If a line in the entries below includes "only", show that line.
= Beginning of Section =
text \<open>Every polynomial function of degree at most d has this property (by sum_UNIV_power_eq_0
on its monomials), and it is the only consequence of the degree that the polynomial method below
needs.\<close>

definition low_moments_vanish :: "nat \<Rightarrow> ('a::{field,finite} \<times> 'a \<Rightarrow> 'a) \<Rightarrow> bool" where
  "low_moments_vanish d f \<longleftrightarrow>
     (\<forall>i j. i + j + d < 2 * (CARD('a) - 1) \<longrightarrow> (\<Sum>p\<in>UNIV. fst p ^ i * snd p ^ j * f p) = 0)"

lemma low_moments_vanish_const: "low_moments_vanish 0 (\<lambda>_. k)"
  unfolding low_moments_vanish_def
proof (intro allI impI)
  fix i j assume "i + j + 0 < 2 * (CARD('a) - 1)"
  hence "i < CARD('a) - 1 \<or> j < CARD('a) - 1" by linarith
  thus "(\<Sum>p\<in>UNIV. fst p ^ i * snd p ^ j * k) = (0::'a)"
    by (auto simp: sum_UNIV_monomial_mult sum_UNIV_power_eq_0)
qed

lemma low_moments_vanish_mult_linear:
  assumes "low_moments_vanish d f"
  shows "low_moments_vanish (Suc d) (\<lambda>p. (\<alpha> * fst p + \<beta> * snd p + \<gamma>) * f p)"
  unfolding low_moments_vanish_def
proof (intro allI impI)
  fix i j assume ij: "i + j + Suc d < 2 * (CARD('a) - 1)"
  let ?m = "\<lambda>i j. \<Sum>p\<in>UNIV. fst p ^ i * snd p ^ j * f p"
  have m: "\<forall>i j. i + j + d < 2 * (CARD('a) - 1) \<longrightarrow> ?m i j = 0"
    using assms unfolding low_moments_vanish_def .
  have zero: "?m (Suc i) j = 0" "?m i (Suc j) = 0" "?m i j = 0"
    using m[rule_format, of "Suc i" j] m[rule_format, of i "Suc j"] m[rule_format, of i j] ij
    by simp_all
  have "(\<Sum>p\<in>UNIV. fst p ^ i * snd p ^ j * ((\<alpha> * fst p + \<beta> * snd p + \<gamma>) * f p))
      = (\<Sum>p\<in>UNIV. \<alpha> * (fst p ^ Suc i * snd p ^ j * f p) + \<beta> * (fst p ^ i * snd p ^ Suc j * f p)
          + \<gamma> * (fst p ^ i * snd p ^ j * f p))"
    by (rule sum.cong) (simp_all add: algebra_simps)
  also have "\<dots> = \<alpha> * ?m (Suc i) j + \<beta> * ?m i (Suc j) + \<gamma> * ?m i j"
    by (simp only: sum.distrib sum_distrib_left)
  also have "\<dots> = 0" by (simp only: zero) simp
  finally show "(\<Sum>p\<in>UNIV. fst p ^ i * snd p ^ j * ((\<alpha> * fst p + \<beta> * snd p + \<gamma>) * f p)) = 0" .
qed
= End of Section =
Exercise solution>
on its monomials), and it is the only consequence of the degree that the polynomial method below
    by (simp only: sum.distrib sum_distrib_left)
  also have "\<dots> = 0" by (simp only: zero) simp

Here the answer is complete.